ANSWER: Information is retrieved via the following link: <a href="https://www.top500.org/lists/2019/11/">https://www.top500.org/lists/2019/11/</a>

| No | Supercomputers                                                                                                             | Linpack<br>Performance<br>(Rmax) | Theoretical Peak<br>(Rpeak) |
|----|----------------------------------------------------------------------------------------------------------------------------|----------------------------------|-----------------------------|
| 1  | Summit - IBM Power System<br>AC922, IBM POWER9 22C<br>3.07GHz, NVIDIA Volta<br>GV100, Dual-rail Mellanox EDR<br>Infiniband | 148,600 TFlop/s                  | 200,795 TFlop/s             |
| 2  | Sierra - IBM Power System<br>AC922, IBM POWER9 22C<br>3.1GHz, NVIDIA Volta GV100,<br>Dual-rail Mellanox EDR<br>Infiniband  | 94,640 TFlop/s                   | 125,712 TFlop/s             |
| 3  | Sunway TaihuLight - Sunway                                                                                                 | 93,014.6 TFlop/s                 | 125,436 TFlop/s             |

|    | MPP, Sunway SW26010 260C<br>1.45GHz, Sunway                                                                                                 |                  |                  |
|----|---------------------------------------------------------------------------------------------------------------------------------------------|------------------|------------------|
| 4  | Tianhe-2A - TH-IVB-FEP<br>Cluster, Intel Xeon E5-2692v2<br>12C 2.2GHz, TH Express-2,<br>Matrix-2000                                         | 61,444.5 TFlop/s | 100,679 TFlop/s  |
| 5  | Frontera - Dell C6420, Xeon<br>Platinum 8280 28C 2.7GHz,<br>Mellanox InfiniBand HDR                                                         | 23,516.4 TFlop/s | 38,745.9 TFlop/s |
| 6  | Piz Daint - Cray XC50, Xeon<br>E5-2690v3 12C 2.6GHz, Aries<br>interconnect, NVIDIA Tesla<br>P100                                            | 21,230 TFlop/s   | 27,154.3 TFlop/s |
| 7  | Trinity - Cray XC40, Xeon<br>E5-2698v3 16C 2.3GHz, Intel<br>Xeon Phi 7250 68C 1.4GHz,<br>Aries interconnect                                 | 20,158.7 TFlop/s | 41,461.2 TFlop/s |
| 8  | AI Bridging Cloud Infrastructure<br>(ABCI) - PRIMERGY CX2570<br>M4, Xeon Gold 6148 20C<br>2.4GHz, NVIDIA Tesla V100<br>SXM2, Infiniband EDR | 19,880 TFlop/s   | 32,576.6 TFlop/s |
| 9  | SuperMUC-NG - ThinkSystem<br>SD650, Xeon Platinum 8174 24C<br>3.1GHz, Intel Omni-Path                                                       | 19,476.6 TFlop/s | 26,873.9 TFlop/s |
| 10 | Lassen - IBM Power System<br>AC922, IBM POWER9 22C<br>3.1GHz, Dual-rail Mellanox<br>EDR Infiniband, NVIDIA Tesla<br>V100                    | 18,200 TFlop/s   | 23,047.2 TFlop/s |

**Q2.** Please list two examples of "parallel processing" you can think of in daily life. **ANSWER**:

- 1. Example 1: Walmart checkout can be considered as parallel processing where each counter is a processing unit, each customer is an input.
- 2. Example 2: Lubbock Driver License is another daily life example that illustrates parallel processing.
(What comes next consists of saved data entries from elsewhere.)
lemma MANS_iff:
  assumes ns: "numerical_semigroup S"
  shows "MANS S \<longleftrightarrow> (\<forall>x \<in> S. 2 \<le> x mod mult S \<longrightarrow> x - 1 \<in> S)"
proof -
  let ?m = "mult S"
  have m_pos: "0 < ?m"
    by (rule mult_pos[OF ns])
  have decrement: "x - 1 \<in> S"
    if "wS S (x mod ?m - 1) < wS S (x mod ?m)" "x \<in> S" "2 \<le> x mod ?m" for x
  proof (rule submonoid_cong_ge_mem[OF numerical_semigroup_submonoid[OF ns] mult_mem[OF ns]])
    show "wS S (x mod ?m - 1) \<in> S"
      by (rule wS_mem[OF ns])
    show "wS S (x mod ?m - 1) \<le> x - 1"
      using that(1) wS_le[OF ns that(2), of "x mod ?m"] by simp
    show "(x - 1) mod ?m = wS S (x mod ?m - 1) mod ?m"
      using that(3) wS_mod[OF ns] m_pos mod_diff_one[of x ?m] by (simp add: less_imp_diff_less)
  qed
  have wS_step: "wS S (j - 1) < wS S j"
    if "\<forall>x \<in> S. 2 \<le> x mod ?m \<longrightarrow> x - 1 \<in> S" "2 \<le> j" "j \<le> ?m - 1" for j
  proof -
    have w_mod: "wS S j mod ?m = j"
      using wS_mod[OF ns, of j] that(3) m_pos by simp
    then have "wS S j - 1 \<in> S"
      using that wS_mem[OF ns, of j] by simp
    moreover have "(wS S j - 1) mod ?m = (j - 1) mod ?m"
      using w_mod that mod_diff_one[of "wS S j" ?m] by simp
    ultimately have "wS S (j - 1) \<le> wS S j - 1"
      by (rule wS_le[OF ns])
    moreover have "wS S j \<noteq> 0"
      using w_mod that(2) by (metis mod_0 not_numeral_le_zero)
    ultimately show ?thesis
      by simp
  qed
  show ?thesis
  proof
    assume "MANS S"
    show "\<forall>x \<in> S. 2 \<le> x mod ?m \<longrightarrow> x - 1 \<in> S"
    proof (intro ballI impI)
      fix x assume "x \<in> S" "2 \<le> x mod ?m"
      moreover have "x mod ?m \<le> ?m - 1"
        using m_pos by (simp add: less_Suc_eq_le[symmetric])
      ultimately show "x - 1 \<in> S"
        using \<open>MANS S\<close> by (intro decrement) (auto simp: MANS_def)
    qed
  next
    assume H: "\<forall>x \<in> S. 2 \<le> x mod ?m \<longrightarrow> x - 1 \<in> S"
    have "wS S i < wS S j" if "1 \<le> i" "i < j" "j \<le> ?m - 1" for i j
      using \<open>i < j\<close> [unfolded Suc_le_eq[symmetric]] that(3)
    proof (induction j rule: dec_induct)
      case base
      then show ?case using wS_step[OF H, of "Suc i"] that(1) by simp
    next
      case (step n)
      then show ?case using wS_step[OF H, of "Suc n"] that(1) by simp
    qed
    with ns show "MANS S"
      by (simp add: MANS_def)
  qed
qed

lemma
  assumes "numerical_semigroup S" "mult S \<noteq> 1"
  shows sgen_in_msg: "sgen S \<in> msg S - {mult S}"
    and sgen_le_msg: "a \<in> msg S - {mult S} \<Longrightarrow> sgen S \<le> a"
proof -
  have fin: "finite (msg S - {mult S})"
    using finite_msg[OF assms(1)] by simp
  moreover have "msg S - {mult S} \<noteq> {}"
    using msg_not_subset_singleton[OF assms] by auto
  ultimately show "sgen S \<in> msg S - {mult S}"
    unfolding sgen_def by (rule Min_in)
  show "a \<in> msg S - {mult S} \<Longrightarrow> sgen S \<le> a"
    unfolding sgen_def using fin by (rule Min_le)
qed

lemma sgen_le_nonmultiple:
  assumes ns: "numerical_semigroup S" and "mult S \<noteq> 1" "x \<in> S" "\<not> mult S dvd x"
  shows "sgen S \<le> x"
proof -
  have "x \<in> gen (msg S)"
    using assms(3) gen_msg[OF numerical_semigroup_submonoid[OF ns]] by simp
  then show ?thesis
    using assms(4)
  proof (induction x rule: gen.induct)
    case (gen_add a y)
    then show ?case
      using sgen_le_msg[OF ns \<open>mult S \<noteq> 1\<close>, of a] by (cases "a = mult S") auto
  qed simp
qed

lemma sgen_mod_mult:
  assumes "MANS S" "mult S \<noteq> 1"
  shows "sgen S mod mult S = 1"
proof -
  let ?m = "mult S" and ?r = "sgen S"
  have ns: "numerical_semigroup S"
    using assms(1) by (simp add: MANS_def)
  have sub: "submonoid S"
    by (rule numerical_semigroup_submonoid[OF ns])
  have r_msg: "?r \<in> msg S" "?r \<noteq> ?m"
    using sgen_in_msg[OF ns assms(2)] by auto
  have "?m < ?r"
    using r_msg mult_le_msg[OF ns] by (simp add: order_less_le)
  have "\<not> ?m dvd ?r"
  proof
    assume "?m dvd ?r"
    then obtain q where "?r - ?m = q * ?m"
      using \<open>?m < ?r\<close> by (metis dvd_diff_nat dvd_refl dvdE mult.commute)
    then have "?r - ?m \<in> S"
      using submonoid_mult_closed[OF sub mult_mem[OF ns]] by simp
    then show False
      using msg_irreducible[OF sub r_msg(1) mult_mem[OF ns], of "?r - ?m"] \<open>?m < ?r\<close>
        mult_pos[OF ns] by simp
  qed
  moreover have "\<not> 2 \<le> ?r mod ?m"
  proof
    assume "2 \<le> ?r mod ?m"
    then have "?r - 1 \<in> S" "(?r - 1) mod ?m \<noteq> 0"
      using assms(1) MANS_iff[OF ns] msg_subset[OF sub] r_msg(1) mod_diff_one[of ?r ?m] by auto
    then have "?r \<le> ?r - 1"
      using sgen_le_nonmultiple[OF ns assms(2)] by (simp add: dvd_eq_mod_eq_0)
    then show False
      using \<open>?m < ?r\<close> by simp
  qed
  ultimately show ?thesis
    by (simp add: dvd_eq_mod_eq_0)
qed

lemma ge_mem_gen_pair:
  assumes "r mod m = 1" "m * r \<le> x"
  shows "x \<in> gen {m, r}"
proof (rule submonoid_cong_ge_mem[OF submonoid_gen])
  let ?j = "x mod m"
  show "m \<in> gen {m, r}" "?j * r \<in> gen {m, r}"
    by (auto intro: gen_base submonoid_mult_closed[OF submonoid_gen])
  show "?j * r \<le> x"
  proof (cases "m = 0")
    case False
    then have "?j * r \<le> m * r"
      by simp
    with assms(2) show ?thesis
      by linarith
  qed (use assms(1) in simp)
  show "x mod m = ?j * r mod m"
    using assms(1) by (metis mod_mult_right_eq mult.right_neutral mod_mod_trivial)
qed

lemma numerical_semigroup_gen:
  assumes "m \<in> A" "r \<in> A" "r mod m = 1"
  shows "numerical_semigroup (gen A)"
proof -
  have "gen {m, r} \<subseteq> gen A"
    using assms(1,2) by (intro gen_mono) auto
  then have "UNIV - gen A \<subseteq> {..< m * r}"
    using ge_mem_gen_pair[OF assms(3)] by (meson DiffD2 lessThan_iff not_le subsetD subsetI)
  then have "finite (UNIV - gen A)"
    using finite_subset by blast
  then show ?thesis
    using submonoid_gen by (simp add: numerical_semigroup_def submonoid_def)
qed
lemma pmf_expectation_Pi_pmf_remove:
  fixes H :: "_ \<Rightarrow> real"
  assumes "finite J" "i \<in> J" "\<And>\<sigma>. \<bar>H \<sigma>\<bar> \<le> B"
  shows "measure_pmf.expectation (Pi_pmf J d p) H =
    measure_pmf.expectation (p i)
      (\<lambda>y. measure_pmf.expectation (Pi_pmf (J - {i}) d p) (\<lambda>f. H (f(i := y))))"
  unfolding Pi_pmf_remove_bind[OF assms(1,2)]
  by (subst pmf_expectation_bind_bounded[where B=B]) (use assms in auto)

lemma set_Pi_pmf_memberD:
  "finite J \<Longrightarrow> \<sigma> \<in> set_pmf (Pi_pmf J d p) \<Longrightarrow> j \<in> J \<Longrightarrow> \<sigma> j \<in> set_pmf (p j)"
  using set_Pi_pmf[of J d p] by (auto simp: PiE_dflt_def)

lemma pmf_average_eq_min:
  fixes f :: "'a \<Rightarrow> real"
  assumes fin: "finite (set_pmf p)" and ge: "\<And>x. x \<in> set_pmf p \<Longrightarrow> m \<le> f x"
    and avg: "(\<Sum>x\<in>set_pmf p. pmf p x * f x) = m" and w: "w \<in> set_pmf p"
  shows "f w = m"
proof -
  have "(\<Sum>x\<in>set_pmf p. pmf p x * (f x - m)) =
      (\<Sum>x\<in>set_pmf p. pmf p x * f x) - m * (\<Sum>x\<in>set_pmf p. pmf p x)"
    by (simp add: algebra_simps sum_subtractf sum_distrib_left)
  also have "\<dots> = 0"
    using avg sum_pmf_eq_1[OF fin order_refl] by simp
  finally have "\<forall>x\<in>set_pmf p. pmf p x * (f x - m) = 0"
    using ge by (subst sum_nonneg_eq_0_iff[OF fin, symmetric]) auto
  then show ?thesis
    using w by (auto simp: set_pmf_iff)
qed
(* Let $G$ be a reflexive topological group that respects compactness. Then the convergence group $\Gamma_c G$ is $g$-barrelled.
   Context: All groups are abelian. A convergence structure on a set $X$ assigns to each $x \in X$ a collection of filters on $X$, said to converge to $x$ (written $\mathcal F \to x$). This assignment must satisfy three conditions: the point ultrafilter $\dot x$ converges to $x$; if $\mathcal F \to x$ and $\mathcal G \to x$ then $\mathcal F \cap \mathcal G \to x$; and filters finer than a filter converging to $x$ converge to $x$. A map is continuous if it maps filters converging to $x$ to filters converging to the image of $x$. A convergence group is an abelian group with a convergence structure such that $\mathcal F \to x$, $\mathcal G \to y$ imply $\mathcal F - \mathcal G \to x-y$. Every topological group is a convergence group, with convergent filters being those finer than the neighbourhood filter. $\mathbb T = \mathbb R/\mathbb Z$. For convergence groups $G,H$, $\Gamma(G,H)$ is the group of continuous homomorphisms, and $\Gamma G = \Gamma(G,\mathbb T)$. $\Gamma_s(G,H)$ denotes $\Gamma(G,H)$ with the topology of pointwise convergence (the weak topology). $\Gamma_c(G,H)$ denotes $\Gamma(G,H)$ with the continuous convergence structure: $\Phi \to \varphi$ iff for every $\mathcal F \to x$ in $G$, the filter generated by $\{\{\psi(y):\psi \in A, y \in F\} : A \in \Phi, F \in \mathcal F\}$ converges to $\varphi(x)$ in $H$. Write $\Gamma_s G$, $\Gamma_c G$ when $H = \mathbb T$. A set $M \subseteq \Gamma(G,H)$ is equicontinuous if for every filter $\mathcal F \to 0$ in $G$, the filter $M(\mathcal F)$ converges to $0$ in $H$, where $M(\mathcal F)$ is generated by $\{\varphi(x) : \varphi \in M, x \in F\}$, $F \in \mathcal F$. A convergence group $G$ is $g$-barrelled if every compact subset of $\Gamma_s G$ is equicontinuous (as a subset of $\Gamma(G,\mathbb T)$). $G$ is reflexive if the canonical map $\kappa_G : G \to \Gamma_c\Gamma_c G$, $\kappa_G(x)(\varphi) = \varphi(x)$, is an isomorphism of convergence groups. A topological group $G$ respects compactness if every subset of $G$ compact in the weak topology $\sigma(G,\Gamma G)$ (the initial topology induced by all continuous characters) is compact in $G$. *)

theory Defs
  imports "HOL-Analysis.Analysis" "HOL-Algebra.Group"
begin
lemma dihedral_inverse:
  assumes n: "n \<ge> 1" and g: "g \<in> dihedral n"
  obtains h where "h \<in> dihedral n" "\<forall>i\<in>{1..2*n}. h (g i) = i"
proof -
  obtain s k where s: "s \<in> {1, -1}" and g_eq: "\<forall>i\<in>{1..2*n}. g i = dihedral_map n s k i"
    using dihedral_obtain_dihedral_map[OF g] .
  obtain h where "h \<in> dihedral n" "\<forall>i\<in>{1..2*n}. h i = dihedral_map n s (- (s * k)) i"
    using dihedral_map_obtain_dihedral[OF n s] .
  then show thesis
    using that g_eq dihedral_map_in[OF n] dihedral_map_inverse[OF n s] by simp
qed

lemma dihedral_identity:
  assumes "n \<ge> 1"
  obtains g where "g \<in> dihedral n" "\<forall>i\<in>{1..2*n}. g i = i"
  using dihedral_map_obtain_dihedral[OF assms, of 1 0] dihedral_map_1_0 by auto

lemma card_fixed_points_dihedral:
  assumes "g \<in> dihedral n" "\<exists>i\<in>{1..2*n}. g i \<noteq> i"
  shows "card {i\<in>{1..2*n}. g i = i} \<le> 2"
proof -
  obtain s k where s: "s \<in> {1, -1}" and g: "\<forall>i\<in>{1..2*n}. g i = dihedral_map n s k i"
    using dihedral_obtain_dihedral_map[OF assms(1)] .
  then have F: "{i\<in>{1..2*n}. g i = i} = {i\<in>{1..2*n}. dihedral_map n s k i = i}" by auto
  show ?thesis
  proof (cases "s = 1")
    case True
    then have "{i\<in>{1..2*n}. g i = i} = {}"
      using rotation_fixed_point_imp_id assms(2) g by auto
    then show ?thesis by (metis card.empty zero_le)
  next
    case False
    with s F show ?thesis using card_fixed_points_reflection by simp
  qed
qed

lemma card_dihedral_le: "card (dihedral n) \<le> 4 * n"
proof -
  have "dihedral n = rot n ` {..<2*n} \<union> refl n ` {..<2*n}"
    unfolding dihedral_def by auto
  then have "card (dihedral n) \<le> card (rot n ` {..<2*n}) + card (refl n ` {..<2*n})"
    by (simp add: card_Un_le)
  also have "\<dots> \<le> 2 * n + 2 * n"
    by (intro add_mono) (auto intro: card_image_le[THEN order_trans])
  finally show ?thesis by simp
qed
text \<open>If the Christoffel-type ratio p_n(x)^2 / K_n(x,x) stays above \<epsilon> along
  points x_j \<rightarrow> x0 and degrees n_j \<rightarrow> \<infinity>, then the normalized polynomial solutions seen from the
  sites n_j have a limit along a subsequence: a nonzero solution for a right limit of J at
  energy x0 whose mass on the left half-line is at most 1/\<epsilon>.  Hence x0 is not in Xi.\<close>
lemma concentration_excludes_Xi:
  fixes xs :: "nat \<Rightarrow> real" and ns :: "nat \<Rightarrow> nat"
  assumes xs: "xs \<longlonglongrightarrow> x0" and ns: "filterlim ns at_top sequentially" and eps: "0 < \<epsilon>"
    and conc: "\<And>j. \<epsilon> * CD_kernel a b (ns j) (xs j) (xs j) \<le> (opoly a b (ns j) (xs j))\<^sup>2"
  shows "x0 \<notin> Xi_set a b"
proof -
  define u where "u j = tail_vec (xs j) (ns j)" for j
  have nz: "opoly a b (ns j) (xs j) \<noteq> 0" for j
    using tail_vec_concentrated(1)[OF eps conc] .
  have mass: "(\<Sum>i<L. (u j (- int i))\<^sup>2) \<le> 1 / \<epsilon>" for j L
    unfolding u_def using tail_vec_concentrated(2)[OF eps conc] .
  have "\<bar>u j (-1)\<bar> \<le> 1 + 1 / \<epsilon>" for j
    unfolding u_def using tail_vec_concentrated(3)[OF eps conc] .
  then obtain r ar br where r: "strict_mono r"
    and ar: "\<And>k. (\<lambda>j. a (nat (int (ns (r j) + 1) + k))) \<longlonglongrightarrow> ar k"
    and br: "\<And>k. (\<lambda>j. b (nat (int (ns (r j) + 1) + k))) \<longlonglongrightarrow> br k"
    and u_m1: "convergent (\<lambda>j. u (r j) (-1))"
    by (rule coefficient_subseq[where g = "\<lambda>j. u j (-1)" and ns = ns]) blast
  have ns_r: "filterlim (\<lambda>j. ns (r j)) at_top sequentially"
    using filterlim_compose[OF ns filterlim_subseq[OF r]] by (simp add: o_def)
  have far: "\<forall>\<^sub>F j in sequentially. K \<le> int (ns (r j))" for K :: int
  proof -
    have "\<forall>\<^sub>F j in sequentially. nat K \<le> ns (r j)" using ns_r by (simp add: filterlim_at_top)
    then show ?thesis by eventually_elim linarith
  qed
  have "c \<le> ar k" for k
    by (rule tendsto_lowerbound[OF ar]) (use far[of "- k"] in \<open>auto elim!: eventually_mono intro: a_lower\<close>)
  then have ar_nz: "ar k \<noteq> 0" for k using c_pos by (metis less_le_trans less_numeral_extra(3))
  have rec: "\<forall>\<^sub>F j in sequentially. xs (r j) * u (r j) k
      = a (nat (int (ns (r j) + 1) + k)) * u (r j) (k + 1) + b (nat (int (ns (r j) + 1) + k)) * u (r j) k
        + a (nat (int (ns (r j) + 1) + (k - 1))) * u (r j) (k - 1)" for k
    using far[of "- k"] by eventually_elim (unfold u_def, rule tail_vec_recurrence[OF nz], linarith)
  have u0: "u j 0 = 1" for j by (simp add: u_def tail_vec_0[OF nz])
  obtain W where W: "\<And>k. (\<lambda>j. u (r j) k) \<longlonglongrightarrow> W k"
    and sol: "\<And>k. ar k * W (k + 1) + br k * W k + ar (k - 1) * W (k - 1) = x0 * W k"
    by (rule recurrence_limit[OF LIMSEQ_subseq_LIMSEQ[OF xs r, unfolded o_def] ar br ar_nz rec])
      (use u0 u_m1 convergent_const in auto)
  have W0: "W 0 = 1" using W[of 0] u0 by (simp add: LIMSEQ_const_iff)
  have W_l2: "summable (\<lambda>i::nat. (W (- int i))\<^sup>2)"
  proof (rule summableI_nonneg_bounded[where x = "1 / \<epsilon>"])
    show "(\<Sum>i<L. (W (- int i))\<^sup>2) \<le> 1 / \<epsilon>" for L
      by (rule LIMSEQ_le_const2[OF tendsto_sum[OF tendsto_power[OF W]]]) (use mass in auto)
  qed simp
  have "is_right_limit a b ar br"
    unfolding is_right_limit_def
  proof (intro exI conjI allI)
    show "filterlim (\<lambda>j. ns (r j) + 1) at_top sequentially"
      by (rule filterlim_at_top_mono[OF ns_r]) simp
  qed (use ar br in simp_all)
  then show ?thesis by (rule not_in_Xi_set[OF _ sol]) (simp_all add: W0 W_l2)
qed
lemma extremal_edges_avoiding_structure:
  fixes z :: 'a
  assumes sg: "simple_graph V E" and nonempty: "{e \<in> E. z \<notin> e} \<noteq> {}"
    and meet: "pairwise (\<lambda>e f. e \<inter> f \<noteq> {}) {e \<in> E. z \<notin> e}"
    and inside: "\<forall>f\<in>{e \<in> E. z \<notin> e}. f \<subseteq> neighbours E z"
  defines "m \<equiv> card {e \<in> E. z \<notin> e}"
  shows "(\<exists>u v. {u, v} \<in> E \<and> u \<noteq> v \<and> degree E u = card E - m \<and> degree E v = m + 1 \<and>
        (\<forall>w. {v, w} \<in> E \<and> w \<noteq> u \<longrightarrow> {u, w} \<in> E))
    \<or> (m = 3 \<and> (\<exists>u L a b c. u \<notin> L \<and> finite L \<and> card L = card E - 3 \<and>
        a \<in> L \<and> b \<in> L \<and> c \<in> L \<and> a \<noteq> b \<and> b \<noteq> c \<and> a \<noteq> c \<and>
        E = (\<lambda>x. {u, x}) ` L \<union> {{a, b}, {b, c}, {a, c}}))"
proof -
  have degree_z: "degree E z = card E - m"
    using degree_add_card_avoiding[OF simple_graph_finite_edges[OF sg], of z] unfolding m_def by simp
  show ?thesis
  proof (cases "\<exists>v. \<forall>f\<in>{e \<in> E. z \<notin> e}. v \<in> f")
    case True
    then obtain v where "\<forall>f\<in>{e \<in> E. z \<notin> e}. v \<in> f"
      by blast
    with inside have "\<forall>f\<in>{e \<in> E. z \<notin> e}. v \<in> f \<and> f \<subseteq> neighbours E z"
      by blast
    from edges_avoiding_through_common_vertex[OF sg nonempty this] show ?thesis
      using degree_z unfolding m_def by blast
  next
    case False
    have "\<forall>f\<in>{e \<in> E. z \<notin> e}. card f = 2"
      using simple_graph_card_edge[OF sg] by blast
    then obtain a b c
      where abc: "a \<noteq> b" "b \<noteq> c" "a \<noteq> c" "{e \<in> E. z \<notin> e} = {{a, b}, {b, c}, {a, c}}"
      using meet False by (rule pairwise_intersecting_2_sets_triangle)
    then have "m = 3"
      unfolding m_def by (simp add: doubleton_eq_iff)
    obtain L where L: "z \<notin> L" "finite L" "card L = degree E z" "a \<in> L" "b \<in> L" "c \<in> L"
        "E = (\<lambda>x. {z, x}) ` L \<union> {{a, b}, {b, c}, {a, c}}"
      using edges_eq_star_Un_triangle[OF sg abc(4) inside] by (elim exE conjE)
    have "card L = card E - 3"
      using L(3) degree_z \<open>m = 3\<close> by simp
    with L abc(1-3) have "z \<notin> L \<and> finite L \<and> card L = card E - 3 \<and> a \<in> L \<and> b \<in> L \<and> c \<in> L \<and>
        a \<noteq> b \<and> b \<noteq> c \<and> a \<noteq> c \<and> E = (\<lambda>x. {z, x}) ` L \<union> {{a, b}, {b, c}, {a, c}}"
      by (intro conjI)
    then have "\<exists>u L a b c. u \<notin> L \<and> finite L \<and> card L = card E - 3 \<and> a \<in> L \<and> b \<in> L \<and> c \<in> L \<and>
        a \<noteq> b \<and> b \<noteq> c \<and> a \<noteq> c \<and> E = (\<lambda>x. {u, x}) ` L \<union> {{a, b}, {b, c}, {a, c}}"
      by (intro exI)
    with \<open>m = 3\<close> show ?thesis
      by (intro disjI2 conjI)
  qed
qed
text \<open>Tensors of order m and dimension n are modelled as real-valued functions on
  index lists; only lists of length m with entries in {1..n} are relevant.
  Vectors in R^n are functions nat => real, only the coordinates 1..n being relevant.\<close>

definition tensor_index_set :: "nat \<Rightarrow> nat \<Rightarrow> nat list set" where
  "tensor_index_set m n = {is. length is = m \<and> set is \<subseteq> {1..n}}"

definition hilbert_tensor :: "nat \<Rightarrow> nat list \<Rightarrow> real" where
  "hilbert_tensor m is = 1 / (real (sum_list is) - real m + 1)"

definition rank_one_power :: "(nat \<Rightarrow> real) \<Rightarrow> nat list \<Rightarrow> real" where
  "rank_one_power u is = (\<Prod>j<length is. u (is ! j))"

text \<open>The vectors u 0, ..., u (r-1) (viewed in R^n, i.e. on coordinates 1..n) span R^n:
  every x in R^n is a real linear combination of them. (The other inclusion of
  span = R^n is automatic.)\<close>
definition spans_Rn :: "nat \<Rightarrow> nat \<Rightarrow> (nat \<Rightarrow> nat \<Rightarrow> real) \<Rightarrow> bool" where
  "spans_Rn n r u \<longleftrightarrow>
     (\<forall>x::nat \<Rightarrow> real. \<exists>c::nat \<Rightarrow> real. \<forall>i\<in>{1..n}. x i = (\<Sum>k<r. c k * u k i))"

definition strongly_completely_positive ::
    "nat \<Rightarrow> nat \<Rightarrow> (nat list \<Rightarrow> real) \<Rightarrow> bool" where
  "strongly_completely_positive m n A \<longleftrightarrow>
     (\<exists>r::nat. \<exists>u::nat \<Rightarrow> nat \<Rightarrow> real.
        (\<forall>k<r. \<forall>i\<in>{1..n}. u k i \<ge> 0) \<and>
        (\<forall>is\<in>tensor_index_set m n. A is = (\<Sum>k<r. rank_one_power (u k) is)) \<and>
        spans_Rn n r u)"

end

theory Submission
  imports Defs "HOL-Computational_Algebra.Polynomial"
begin
lemma zero_ins_steps_lift_to_tandem_steps:
  assumes "(zero_ins_step l ^^ k) (shift_diff p l x) z" and "l \<le> length x"
  shows "\<exists>y. (tandem_step l ^^ k) x y \<and> shift_diff p l y = z"
  using assms(1)
proof (induction k arbitrary: z)
  case (Suc k)
  then obtain z0 where z0: "(zero_ins_step l ^^ k) (shift_diff p l x) z0" "zero_ins_step l z0 z"
    by auto
  from z0(2) obtain i where i: "i \<le> length z0" "z = zero_ins l i z0"
    unfolding zero_ins_step_def by blast
  from Suc.IH[OF z0(1)] obtain y where y: "(tandem_step l ^^ k) x y" "shift_diff p l y = z0"
    by blast
  have il: "i + l \<le> length y"
    using i(1) y assms(2) length_tandem_steps[OF y(1)] by auto
  then have "tandem_step l y (tandem_dup l i y)"
    by (auto simp: tandem_step_def)
  then have "(tandem_step l ^^ Suc k) x (tandem_dup l i y)"
    using y(1) by auto
  moreover have "shift_diff p l (tandem_dup l i y) = z"
    using shift_diff_tandem_dup[OF il] y(2) i(2) by simp
  ultimately show ?case by blast
qed simp

lemma zero_ins_steps_Cons: "(zero_ins_step l ^^ k) z z' \<Longrightarrow> (zero_ins_step l ^^ k) (a # z) (a # z')"
proof (induction k arbitrary: z')
  case (Suc k)
  then obtain w i where w: "(zero_ins_step l ^^ k) z w" and i: "i \<le> length w" "z' = zero_ins l i w"
    by (metis relpowp_Suc_E zero_ins_step_def)
  have "zero_ins_step l (a # w) (a # z')"
    unfolding zero_ins_step_def using i by (intro exI[of _ "Suc i"]) (simp add: zero_ins_def)
  then show ?case using Suc.IH[OF w] by auto
qed simp

lemma zero_ins_steps_replicate: "(zero_ins_step l ^^ k) z (replicate (k * l) 0 @ z)"
proof (induction k)
  case (Suc k)
  have "zero_ins_step l (replicate (k * l) 0 @ z) (replicate (Suc k * l) 0 @ z)"
    unfolding zero_ins_step_def zero_ins_def
    by (intro exI[of _ 0]) (simp add: replicate_add[symmetric] add.commute)
  then show ?case using Suc by auto
qed simp

lemma zero_ins_steps_length_set:
  "(zero_ins_step l ^^ k) z z' \<Longrightarrow> length z' = length z + k * l \<and> set z' \<subseteq> insert 0 (set z)"
proof (induction k arbitrary: z')
  case (Suc k)
  then obtain w i where w: "(zero_ins_step l ^^ k) z w" and i: "i \<le> length w" "z' = zero_ins l i w"
    by (metis relpowp_Suc_E zero_ins_step_def)
  have "set z' \<subseteq> insert 0 (set w)"
    using i by (auto simp: zero_ins_def dest: in_set_takeD in_set_dropD)
  then show ?case using Suc.IH[OF w] i by (auto simp: zero_ins_def)
qed auto

lemma finite_zero_ins_steps: "finite {z'. (zero_ins_step l ^^ k) z z'}"
proof (rule finite_subset)
  show "{z'. (zero_ins_step l ^^ k) z z'} \<subseteq> {xs. set xs \<subseteq> insert 0 (set z) \<and> length xs = length z + k * l}"
    using zero_ins_steps_length_set by blast
qed (simp add: finite_lists_length_eq)

lemma replicate_zero_Cons_eq_iff:
  assumes "a \<noteq> 0"
  shows "replicate m 0 @ a # w = replicate m' 0 @ a # w' \<longleftrightarrow> m = m' \<and> w = w'"
proof (induction m arbitrary: m')
  case 0
  then show ?case using assms by (cases m') auto
next
  case (Suc m)
  then show ?case using assms by (cases m') auto
qed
Upon getting a ticket, a customer will be directed to an officer whose previous job is done first. This type of parallel can be considered as a single stream, multiple processors

Q3. Please list two reasons you would argue for having parallel processing.

### **ANSWER:**

- 1. First parallel processing would significantly increase SPEED in performing unrelated tasks like examples in Q2. In this regard, each processing unit can work independently without affecting the reliability of the whole system
- 2. Second, parallel processing allows us to maximize utilizing CPUs use. According to Moore's law, CPU power doubles every 18 months, higher than that of memory speed (approximately 10%). Without parallel processing, there could be a waste in CPU utilization since the speed of CPU operation is faster than accessing memory (e.g., CPU has to wait for feeding the data from memory)

Q4. Please briefly explain the following acronyms/terminologies we discussed in class regarding parallel computer architectures: SISD, SIMD, MISD, MIMD, and SPMD.

### ANSWER

- 1. **SISD** (Single Instruction, Single Data): This is the model of serial Von Neumann machine where only one instruction stream is executed by the CPU during any clock cycle. In addition, only one data stream is fed as an input during any one clock cycle
- 2. **SIMD** (Single Instruction, Multiple Data) is an architecture where all processing units will execute the same instruction at any given clock cycle. Furthermore, each processing unit will operate on a different dataset element.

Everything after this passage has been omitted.